▸ **What to work on**: Please repeat, from the entries that follow, the lines from the one containing "real \<Rightarrow> (nat" through the one containing "theory Submission" exactly, adding nothing.

▸ **Data to examine**:
(* Let $\mathcal{Z}=\{(\mathbf{x}_i,y_i)\}_{i=1}^n$ be drawn i.i.d. from $\rho$, where $|y|\le M$ $\rho$-almost surely. For every $r>0$ and $\epsilon>0$, $$\mathrm{Prob}\{|S(\mathcal{Z},r)-\mathbb{E}S(\mathcal{Z},r)|\ge\epsilon\}\le 2\exp\Big(-\frac{n\epsilon^2}{32(M+\kappa Dr)^4}\Big).$$
   Context: Setting: $X\subset\mathbb{R}^p$ compact, $\rho$ a probability measure on $Z=X\times\mathbb{R}$ with marginal $\rho_X$; $\mathcal{K}$ a Mercer kernel on $X$ with RKHS $\mathbb{H}_{\mathcal{K}}$; $\mathbb{H}^p_{\mathcal{K}}$ the space of $\vec f=(f^1,\dots,f^p)$ with $f^j\in\mathbb{H}_{\mathcal{K}}$; $\mathcal{F}_r=\{\vec f\in\mathbb{H}^p_{\mathcal{K}}:\sum_i\|f^i\|_{\mathcal{K}}\le r\}$. Fix $s>0$ and $\omega^s(\mathbf{x})=\exp(-\|\mathbf{x}\|^2/(2s^2))$. $\mathcal{E}_{\mathcal{Z}}(\vec f)=\frac1{n^2}\sum_{i,j=1}^n\omega^s(\mathbf{x}_j-\mathbf{x}_i)(y_i-y_j+\vec f(\mathbf{x}_i)\cdot(\mathbf{x}_j-\mathbf{x}_i))^2$ and $\mathcal{E}(\vec f)=\int_Z\int_Z\omega^s(\mathbf{x}-\mathbf{u})(y-v+\vec f(\mathbf{x})\cdot(\mathbf{u}-\mathbf{x}))^2d\rho(\mathbf{x},y)d\rho(\mathbf{u},v)$. $S(\mathcal{Z},r)=\sup_{\vec f\in\mathcal{F}_r}|\mathcal{E}_{\mathcal{Z}}(\vec f)-\mathcal{E}(\vec f)|$. $\kappa=\sup_{\mathbf{x}\in X}\sqrt{\mathcal{K}(\mathbf{x},\mathbf{x})}$ and $D=\max_{\mathbf{x},\mathbf{u}\in X}\|\mathbf{x}-\mathbf{u}\|$. *)

theory Defs
  imports "HOL-Analysis.Analysis" "HOL-Probability.Probability"
begin

text \<open>Finite kernel combinations  x \<mapsto> sum_{i<m} a_i K(c_i, x)  (pre-RKHS elements)
  and their squared RKHS norm  sum_{i,j<m} a_i a_j K(c_i,c_j).\<close>

definition kfun :: "('a \<Rightarrow> 'a \<Rightarrow> real) \<Rightarrow> nat \<times> (nat \<Rightarrow> 'a) \<times> (nat \<Rightarrow> real) \<Rightarrow> 'a \<Rightarrow> real" where
  "kfun K r = (case r of (m, c, a) \<Rightarrow> (\<lambda>x. \<Sum>i<m. a i * K (c i) x))"

definition kgram :: "('a \<Rightarrow> 'a \<Rightarrow> real) \<Rightarrow> nat \<times> (nat \<Rightarrow> 'a) \<times> (nat \<Rightarrow> real) \<Rightarrow> real" where
  "kgram K r = (case r of (m, c, a) \<Rightarrow> (\<Sum>i<m. \<Sum>j<m. a i * a j * K (c i) (c j)))"

definition kdist2 :: "('a \<Rightarrow> 'a \<Rightarrow> real) \<Rightarrow> nat \<times> (nat \<Rightarrow> 'a) \<times> (nat \<Rightarrow> real)
    \<Rightarrow> nat \<times> (nat \<Rightarrow> 'a) \<times> (nat \<Rightarrow> real) \<Rightarrow> real" where
  "kdist2 K r1 r2 = (case r1 of (m1, c1, a1) \<Rightarrow> case r2 of (m2, c2, a2) \<Rightarrow>
      (\<Sum>i<m1. \<Sum>j<m1. a1 i * a1 j * K (c1 i) (c1 j))
    + (\<Sum>i<m2. \<Sum>j<m2. a2 i * a2 j * K (c2 i) (c2 j))
    - 2 * (\<Sum>i<m1. \<Sum>j<m2. a1 i * a2 j * K (c1 i) (c2 j)))"

definition mercer_kernel :: "'a::topological_space set \<Rightarrow> ('a \<Rightarrow> 'a \<Rightarrow> real) \<Rightarrow> bool" where
  "mercer_kernel X K \<longleftrightarrow> continuous_on (X \<times> X) (\<lambda>(x, y). K x y)
     \<and> (\<forall>x\<in>X. \<forall>y\<in>X. K x y = K y x)
     \<and> (\<forall>m c a. (\<forall>i<m. c i \<in> X) \<longrightarrow> kgram K (m, c, a) \<ge> 0)"

text \<open>A sequence of finite kernel combinations (centres in X), Cauchy in the RKHS norm,
  converging pointwise on X to f (Aronszajn's completion construction of H_K).\<close>
definition rkhs_approx :: "'a set \<Rightarrow> ('a \<Rightarrow> 'a \<Rightarrow> real) \<Rightarrow> ('a \<Rightarrow> real)
    \<Rightarrow> (nat \<Rightarrow> nat \<times> (nat \<Rightarrow> 'a) \<times> (nat \<Rightarrow> real)) \<Rightarrow> bool" where
  "rkhs_approx X K f s \<longleftrightarrow>
     (\<forall>k. \<forall>i<fst (s k). fst (snd (s k)) i \<in> X)
   \<and> (\<forall>e>0. \<exists>N. \<forall>k\<ge>N. \<forall>l\<ge>N. kdist2 K (s k) (s l) < e)
   \<and> (\<forall>x\<in>X. (\<lambda>k. kfun K (s k) x) \<longlonglongrightarrow> f x)"

definition in_rkhs :: "'a set \<Rightarrow> ('a \<Rightarrow> 'a \<Rightarrow> real) \<Rightarrow> ('a \<Rightarrow> real) \<Rightarrow> bool" where
  "in_rkhs X K f \<longleftrightarrow> (\<exists>s. rkhs_approx X K f s)"

definition rkhs_norm :: "'a set \<Rightarrow> ('a \<Rightarrow> 'a \<Rightarrow> real) \<Rightarrow> ('a \<Rightarrow> real) \<Rightarrow> real" where
  "rkhs_norm X K f = Inf {L. \<exists>s. rkhs_approx X K f s \<and> (\<lambda>k. sqrt (kgram K (s k))) \<longlonglongrightarrow> L}"

definition F_ball :: "(real^'p) set \<Rightarrow> (real^'p \<Rightarrow> real^'p \<Rightarrow> real) \<Rightarrow> real
    \<Rightarrow> ('p \<Rightarrow> real^'p \<Rightarrow> real) set" where
  "F_ball X K r = {f. (\<forall>j. in_rkhs X K (f j)) \<and> (\<Sum>j\<in>UNIV. rkhs_norm X K (f j)) \<le> r}"

definition vapp :: "('p \<Rightarrow> real^'p \<Rightarrow> real) \<Rightarrow> real^'p \<Rightarrow> real^'p" where
  "vapp f x = (\<chi> j. f j x)"

definition weight :: "real \<Rightarrow> real^'p \<Rightarrow> real" where
  "weight s x = exp (- (norm x)\<^sup>2 / (2 * s\<^sup>2))"

definition emp_err :: "real \<Rightarrow> nat \<Rightarrow> (nat \<Rightarrow> (real^'p) \<times> real) \<Rightarrow> ('p \<Rightarrow> real^'p \<Rightarrow> real) \<Rightarrow> real" where
  "emp_err s n Z f = (1 / (real n)\<^sup>2) * (\<Sum>i<n. \<Sum>j<n.
      weight s (fst (Z j) - fst (Z i)) *
      (snd (Z i) - snd (Z j) + vapp f (fst (Z i)) \<bullet> (fst (Z j) - fst (Z i)))\<^sup>2)"

definition exp_err :: "real \<Rightarrow> ((real^'p) \<times> real) measure \<Rightarrow> ('p \<Rightarrow> real^'p \<Rightarrow> real) \<Rightarrow> real" where
  "exp_err s \<rho> f = (\<integral>z. (\<integral>w. weight s (fst z - fst w) *
      (snd z - snd w + vapp f (fst z) \<bullet> (fst w - fst z))\<^sup>2 \<partial>\<rho>) \<partial>\<rho>)"

definition S_dev :: "(real^'p) set \<Rightarrow> (real^'p \<Rightarrow> real^'p \<Rightarrow> real) \<Rightarrow> real \<Rightarrow> ((real^'p) \<times> real) measure
    \<Rightarrow> nat \<Rightarrow> real \<Rightarrow> (nat \<Rightarrow> (real^'p) \<times> real) \<Rightarrow> real" where
  "S_dev X K s \<rho> n r Z = (SUP f\<in>F_ball X K r. \<bar>emp_err s n Z f - exp_err s \<rho> f\<bar>)"

definition kappa :: "(real^'p) set \<Rightarrow> (real^'p \<Rightarrow> real^'p \<Rightarrow> real) \<Rightarrow> real" where
  "kappa X K = (SUP x\<in>X. sqrt (K x x))"

end

theory Submission
  imports Defs
begin

text \<open>Every summand of the empirical error lies in \<open>[0, 4B\<^sup>2]\<close> with \<open>B = M + \<kappa> D r\<close>, since
  \<open>\<bar>f(x)\<bar> \<le> \<kappa> \<parallel>f\<parallel>\<^sub>K\<close> in the RKHS and \<open>\<parallel>u - x\<parallel> \<le> D\<close>. Replacing one of the \<open>n\<close> sample points
  touches only \<open>2n - 1\<close> of the \<open>n\<^sup>2\<close> summands, so the uniform deviation \<open>S(Z, r)\<close> changes by at
  most \<open>c = 8B\<^sup>2/n\<close>. McDiarmid's bounded-differences inequality, derived from Hoeffding's lemma by
  integrating out one coordinate at a time, then gives \<open>2 exp(-2\<epsilon>\<^sup>2/(n c\<^sup>2)) = 2 exp(-n\<epsilon>\<^sup>2/(32 B\<^sup>4))\<close>.\<close>

section \<open>McDiarmid's inequality\<close>

definition bounded_differences :: "'a measure \<Rightarrow> nat \<Rightarrow> real \<Rightarrow> ((nat \<Rightarrow> 'a) \<Rightarrow> real) \<Rightarrow> bool" where
  "bounded_differences M n c f \<longleftrightarrow>
     (\<forall>Z\<in>space (PiM {..<n} (\<lambda>_. M)). \<forall>k<n. \<forall>w\<in>space M. \<bar>f (Z(k := w)) - f Z\<bar> \<le> c)"

lemma measurable_fun_upd_last:
  "(\<lambda>(z, y). z(n := y)) \<in> PiM {..<n} (\<lambda>_. M) \<Otimes>\<^sub>M M \<rightarrow>\<^sub>M PiM {..<Suc n} (\<lambda>_. M)"
  using measurable_add_dim[of n "{..<n}" "\<lambda>_. M"] by (simp add: lessThan_Suc)

lemma fun_upd_last_in_space:
  "z \<in> space (PiM {..<n} (\<lambda>_. M)) \<Longrightarrow> y \<in> space M \<Longrightarrow> z(n := y) \<in> space (PiM {..<Suc n} (\<lambda>_. M))"
  by (auto simp: space_PiM PiE_def extensional_def Pi_def)

context prob_space
begin

lemma product_prob_space_iid: "product_prob_space (\<lambda>_. M)"
  by unfold_locales

lemma integrable_fun_upd_last:
  fixes f :: "(nat \<Rightarrow> 'a) \<Rightarrow> real"
  assumes f: "f \<in> borel_measurable (PiM {..<Suc n} (\<lambda>_. M))"
    and fB: "\<forall>Z\<in>space (PiM {..<Suc n} (\<lambda>_. M)). \<bar>f Z\<bar> \<le> B"
    and z: "z \<in> space (PiM {..<n} (\<lambda>_. M))"
  shows "integrable M (\<lambda>y. f (z(n := y)))"
proof (rule integrable_const_bound[where B = B])
  show "(\<lambda>y. f (z(n := y))) \<in> borel_measurable M"
    using measurable_Pair2[OF measurable_comp[OF measurable_fun_upd_last f] z]
    by (simp add: comp_def)
qed (use fB fun_upd_last_in_space[OF z] in auto)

▸ **Task output**:
    \<Rightarrow> nat \<Rightarrow> real \<Rightarrow> (nat \<Rightarrow> (real^'p) \<times> real) \<Rightarrow> real" where
  "S_dev X K s \<rho> n r Z = (SUP f\<in>F_ball X K r. \<bar>emp_err s n Z f - exp_err s \<rho> f\<bar>)"

definition kappa :: "(real^'p) set \<Rightarrow> (real^'p \<Rightarrow> real^'p \<Rightarrow> real) \<Rightarrow> real" where
  "kappa X K = (SUP x\<in>X. sqrt (K x x))"

end

theory Submission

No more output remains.